A prespecified subgroup analysis showed that patients with high-risk cytogenetics (n=192) responded better to SVd (OR, 0.67; 95% CI, 0.45-0.98), with patients who had isolated del(17p) (n=37) achieving the strongest benefit (OR, 0.38; 95% CI, 0.16-0.86). The subgroup analysis showed that the PFS benefit was only statistically significant in patients who received one previous line of therapy (OR, 0.63; 95% CI, 0.41-0.96), with patients who didn’t receive a previous PI deriving a larger benefit (OR, 0.26; 95% CI, 0.11-0.60).

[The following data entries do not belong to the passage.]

(* Let $\Gamma$ be a non-amenable group with property RD$_p$ for some $p\in[1,2]$. Then $\mathrm{Lit}(\Gamma)\ge p$.
   Context: For $1\le p<\infty$, $\Gamma$ has property RD$_p$ if there exist a length function $L$ on $\Gamma$ (i.e. $L\colon\Gamma\to[0,\infty)$ with $L(e)=0$, $L(g^{-1})=L(g)$, $L(gh)\le L(g)+L(h)$) and a polynomial $P$ such that $\|a\|_{p\to p}\le P(d)\|a\|_p$ for every $a\in\mathbf{C}[\Gamma]$ supported in the $L$-ball of radius $d\ge0$, where $\|a\|_{p\to p}$ is the operator norm of left convolution by $a$ on $\ell^p(\Gamma)$. $T_1(\Gamma)$ is the space of all $f\colon\Gamma\to\mathbf{C}$ for which there exist $f_1,f_2\colon\Gamma\times\Gamma\to\mathbf{C}$ with $f(x^{-1}y)=f_1(x,y)+f_2(x,y)$ for all $x,y$, $\sup_x\sum_y|f_1(x,y)|<\infty$, $\sup_y\sum_x|f_2(x,y)|<\infty$; $\mathrm{Lit}(\Gamma)=\inf\{q>0:T_1(\Gamma)\subseteq\ell^q(\Gamma)\}$. *)

theory Defs
  imports "HOL-Analysis.Analysis" "HOL-Algebra.Group" "HOL-Computational_Algebra.Polynomial"
begin

text \<open>A discrete group is a HOL-Algebra group G; functions on the group are
  functions on the carrier (values outside the carrier are irrelevant).\<close>

definition lp_space :: "('a, 'b) monoid_scheme \<Rightarrow> real \<Rightarrow> ('a \<Rightarrow> complex) set" where
  "lp_space G q = {f. (\<lambda>x. norm (f x) powr q) summable_on carrier G}"

definition lp_norm :: "('a, 'b) monoid_scheme \<Rightarrow> real \<Rightarrow> ('a \<Rightarrow> complex) \<Rightarrow> real" where
  "lp_norm G q f = (infsum (\<lambda>x. norm (f x) powr q) (carrier G)) powr (1 / q)"

definition length_function :: "('a, 'b) monoid_scheme \<Rightarrow> ('a \<Rightarrow> real) \<Rightarrow> bool" where
  "length_function G L \<longleftrightarrow>
     (\<forall>g\<in>carrier G. L g \<ge> 0) \<and> L \<one>\<^bsub>G\<^esub> = 0 \<and>
     (\<forall>g\<in>carrier G. L (inv\<^bsub>G\<^esub> g) = L g) \<and>
     (\<forall>g\<in>carrier G. \<forall>h\<in>carrier G. L (g \<otimes>\<^bsub>G\<^esub> h) \<le> L g + L h)"

definition group_algebra :: "('a, 'b) monoid_scheme \<Rightarrow> ('a \<Rightarrow> complex) set" where
  "group_algebra G = {a. finite {x \<in> carrier G. a x \<noteq> 0}}"

definition conv :: "('a, 'b) monoid_scheme \<Rightarrow> ('a \<Rightarrow> complex) \<Rightarrow> ('a \<Rightarrow> complex) \<Rightarrow> 'a \<Rightarrow> complex" where
  "conv G a f x = (\<Sum>y\<in>{y \<in> carrier G. a y \<noteq> 0}. a y * f (inv\<^bsub>G\<^esub> y \<otimes>\<^bsub>G\<^esub> x))"

text \<open>Property RD_p: ||a||_{p->p} <= P(d) ||a||_p for a supported in the L-ball of radius d;
  the operator-norm bound is written out as the inequality for all f in l^p.\<close>
definition property_RD :: "('a, 'b) monoid_scheme \<Rightarrow> real \<Rightarrow> bool" where
  "property_RD G p \<longleftrightarrow>
     (\<exists>L (P :: real poly). length_function G L \<and>
        (\<forall>d \<ge> 0. \<forall>a \<in> group_algebra G.
           (\<forall>x\<in>carrier G. a x \<noteq> 0 \<longrightarrow> L x \<le> d) \<longrightarrow>
           (\<forall>f \<in> lp_space G p.
              lp_norm G p (conv G a f) \<le> poly P d * lp_norm G p a * lp_norm G p f)))"

definition bounded_on :: "'a set \<Rightarrow> ('a \<Rightarrow> real) \<Rightarrow> bool" where
  "bounded_on S f \<longleftrightarrow> (\<exists>C. \<forall>x\<in>S. \<bar>f x\<bar> \<le> C)"

definition amenable :: "('a, 'b) monoid_scheme \<Rightarrow> bool" where
  "amenable G \<longleftrightarrow>
     (\<exists>m :: ('a \<Rightarrow> real) \<Rightarrow> real.
        (\<forall>f g. bounded_on (carrier G) f \<longrightarrow> bounded_on (carrier G) g \<longrightarrow>
            m (\<lambda>x. f x + g x) = m f + m g) \<and>
        (\<forall>f c. bounded_on (carrier G) f \<longrightarrow> m (\<lambda>x. c * f x) = c * m f) \<and>
        (\<forall>f. bounded_on (carrier G) f \<longrightarrow> (\<forall>x\<in>carrier G. f x \<ge> 0) \<longrightarrow> m f \<ge> 0) \<and>
        m (\<lambda>x. 1) = 1 \<and>
        (\<forall>f. \<forall>g\<in>carrier G. bounded_on (carrier G) f \<longrightarrow>
            m (\<lambda>x. f (g \<otimes>\<^bsub>G\<^esub> x)) = m f))"

definition T1 :: "('a, 'b) monoid_scheme \<Rightarrow> ('a \<Rightarrow> complex) set" where
  "T1 G = {f. \<exists>f1 f2 :: 'a \<Rightarrow> 'a \<Rightarrow> complex.
      (\<forall>x\<in>carrier G. \<forall>y\<in>carrier G. f (inv\<^bsub>G\<^esub> x \<otimes>\<^bsub>G\<^esub> y) = f1 x y + f2 x y) \<and>
      (\<exists>C. \<forall>x\<in>carrier G. (\<lambda>y. norm (f1 x y)) summable_on carrier G \<and>
                          infsum (\<lambda>y. norm (f1 x y)) (carrier G) \<le> C) \<and>
      (\<exists>C. \<forall>y\<in>carrier G. (\<lambda>x. norm (f2 x y)) summable_on carrier G \<and>
                          infsum (\<lambda>x. norm (f2 x y)) (carrier G) \<le> C)}"

text \<open>Lit(G) = inf {q > 0. T_1(G) \<subseteq> l^q(G)}, as an extended real (inf of empty set = \<infinity>).\<close>
definition Lit :: "('a, 'b) monoid_scheme \<Rightarrow> ereal" where
  "Lit G = Inf {ereal q | q. q > 0 \<and> T1 G \<subseteq> lp_space G q}"

end

theory Submission
  imports Defs "HOL-Real_Asymp.Real_Asymp"
begin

Eighteen percent of patients who received SVd required a thrombopoietin receptor agonist to manage thrombocytopenia (while trying to limit dose interruption or drug discontinuation) compared to only 1 percent of the patients who received Vd. Despite the higher utilization of thrombopoietin agonists in the SVd arm, there were more significant bleeding events (grade 3 or higher, 2% vs. <1%) with one case of cerebral hemorrhage in the SVd arm. On December 18, 2020, the FDA approved SVd for the treatment of adult patients with MM who have received at least one prior therapy.6,7 It is being studied in other hematologic malignancies, including diffuse large B-cell lymphoma where it showed an initial overall response rate of 28 percent,8 and in some solid tumors.9
In Brief
Selinexor appears to be an active agent in the treatment of MM. The reduction in selinexor dose between the STORM and BOSTON trials along with the use of supportive care measures helped make selinexor more tolerable. One key observation was that the benefit seen in del(17p) patients seemed similar to that of standard-risk patients, which supports the preclinical rationale for this MM disease subset. What remains unknown is when to introduce selinexor in the treatment of relapsed/refractory MM, especially with significant short-term AE profiles and unknown long-term effects. In the United States, patients with MM who progress on a given drug will be switched to a different drug from the same class or to a totally new drug class. The BOSTON trial did not enroll many patients in the United States owing to the fact that it allowed patients to be re-treated with the same PI at time of progression and owing to the luxury of available standard effective therapies with longer follow-up time. Financial toxicity is a growing problem in the field of MM,10 and the cost of selinexor ($22,000/month)11 has come under critique by the U.S. oncology community since its FDA approval. While the BOSTON trial provided evidence that the addition of selinexor to Vd resulted in better PFS, the MM community aspires to use the most effective therapy with the least AEs profile at the most appropriate time for the most ideal patient outcome — for SVd, it may be the high-risk relapsed/refractory MM subset.
Competing Interests
Dr. Hadidi indicated no relevant conflicts of interest. Dr. Usmani has received research funding from Amgen, Array Biopharma, BMS, Celgene, GSK, Janssen, Merck, Pharmacyclics, Sanofi, Seattle Genetics, SkylineDX, and Takeda; consulting fees from Amgen, BMS, Celgene, EdoPharma, GSK, Janssen, Sanofi, Seattle Genetics, SecuraBio, SkylineDX, Takeda, and TeneoBio; and speaker fees from Amgen, BMS, Janssen, and Sanofi.